The L.A. Times would call me hard-hearted, but I don't like giving over my recyclables to pilferers.
After July 4th, my recycling bin was stuffed with a wealth of beer bottles and soda cans. So instead of putting it out the night before for collection, I delayed and put it on the street only when I started hearing collection trucks rumbling by.
Minutes later, I heard the clink of bottles and the rattle of a shopping cart as the items were being plucked from my bin by the enterprising fellow pictured above.
Is he hard-working? Certainly. Deserving? Probably. Indigent scum? Not at all. He's clearly just a guy who's doing a dirty job while trying to make ends meet. So why deny him my refuse?
My argument against pilferers has Utilitarian roots. Simply put, municipal curbside recycling programs perform a greater good for a greater number of people, and I feel it's important to keep them financially viable. Scavengers undermine municipal programs by removing the most valuable items for themselves.

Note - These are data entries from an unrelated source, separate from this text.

definition modular :: "'a measure \<Rightarrow> ('a set \<Rightarrow> ennreal) \<Rightarrow> bool" where
  "modular M \<mu> \<longleftrightarrow>
     (\<forall>A\<in>sets M. \<forall>B\<in>sets M. \<mu> (A \<inter> B) + \<mu> (A \<union> B) = \<mu> A + \<mu> B)"

definition choquet :: "'a measure \<Rightarrow> ('a set \<Rightarrow> ennreal) \<Rightarrow> 'a set \<Rightarrow> ('a \<Rightarrow> ennreal) \<Rightarrow> ennreal" where
  "choquet M \<mu> A f =
     (\<integral>\<^sup>+ t. indicator {0..} t * \<mu> (A \<inter> {x \<in> space M. ennreal t \<le> f x}) \<partial>lborel)"

definition comonotone :: "'a set \<Rightarrow> ('a \<Rightarrow> real) \<Rightarrow> ('a \<Rightarrow> real) \<Rightarrow> bool" where
  "comonotone X \<phi> \<psi> \<longleftrightarrow>
     (\<forall>x\<in>X. \<forall>y\<in>X. (\<phi> x - \<phi> y) * (\<psi> x - \<psi> y) \<ge> 0)"

text \<open>1/(b g + a h)^(q-1) with the convention 1/0 = oo.\<close>
definition recip_pow :: "real \<Rightarrow> real \<Rightarrow> ennreal" where
  "recip_pow q s = (if s = 0 then \<infinity> else ennreal (1 / (s powr (q - 1))))"

definition Hpq :: "real \<Rightarrow> real \<Rightarrow> real \<Rightarrow> real \<Rightarrow> ennreal \<Rightarrow> ennreal" where
  "Hpq p q a b I = (if I = \<infinity> then \<infinity>
      else ennreal ((a * b) powr (1 / p) * (enn2real I) powr (1 / q)))"

end

theory Submission
  imports Defs
begin

text \<open>
  With \<open>w = b g + a h\<close> one has \<open>f = (f\<^sup>p w)\<^bsup>1/p\<^esup> (w\<^bsup>1-q\<^esup>)\<^bsup>1/q\<^esup>\<close> where \<open>w > 0\<close>, and
  the set \<open>{w = 0}\<close> is null as soon as \<open>\<integral> w\<^bsup>1-q\<^esup>\<close> is finite. Hoelder's inequality for the
  Choquet integral of a submodular measure (scaled Young inequality plus subadditivity and
  homogeneity) therefore bounds \<open>\<integral> f\<close> by \<open>(\<integral> f\<^sup>p w)\<^bsup>1/p\<^esup> (\<integral> w\<^bsup>1-q\<^esup>)\<^bsup>1/q\<^esup>\<close>, and subadditivity
  gives \<open>\<integral> f\<^sup>p w \<le> b a + a b\<close>.
  If \<open>w\<^sup>q f\<^sup>p = \<gamma>\<close>, then \<open>f\<close> and \<open>f\<^sup>p w\<close> are multiples of \<open>w\<^bsup>1-q\<^esup>\<close>, and superadditivity
  (valid for modular measures and for comonotone integrands) turns \<open>\<integral> f\<^sup>p w \<le> 2 a b\<close> into an
  equality, which gives the reverse inequality.
  Sub- and superadditivity are first proved for \<open>\<nat>\<close>-valued functions, removing one unit layer
  at a time and telescoping the (sub)modular inequalities of their level sets, and then transferred
  to real functions by quantizing them on a grid of mesh \<open>\<delta> \<rightarrow> 0\<close>.
\<close>

lemma monotone_measureD:
  "monotone_measure M \<mu> \<Longrightarrow> X \<in> sets M \<Longrightarrow> Y \<in> sets M \<Longrightarrow> X \<subseteq> Y \<Longrightarrow> \<mu> X \<le> \<mu> Y"
  unfolding monotone_measure_def by blast

lemma monotone_measure_empty: "monotone_measure M \<mu> \<Longrightarrow> \<mu> {} = 0"
  unfolding monotone_measure_def by blast

lemma modular_or_nested:
  assumes "modular M \<mu> \<or> X \<subseteq> Y \<or> Y \<subseteq> X" and "X \<in> sets M" "Y \<in> sets M"
  shows "\<mu> (X \<inter> Y) + \<mu> (X \<union> Y) = \<mu> X + \<mu> Y"
  using assms unfolding modular_def
  by (elim disjE) (simp_all add: Int_absorb1 Int_absorb2 Un_absorb1 Un_absorb2 add.commute)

In 2002, New York City discontinued its curbside recycling program due to budget cuts. Fortunately the program was eventually reinstated, but I don't ever want to run the risk of that happening here, and given California's precarious economic situation, one can't be too cavalier about the permanence of our city services.
The stuff is getting recycled either way, and that's good, but I'd prefer to see the money go to support more recycling programs all over the city than see it support just one guy.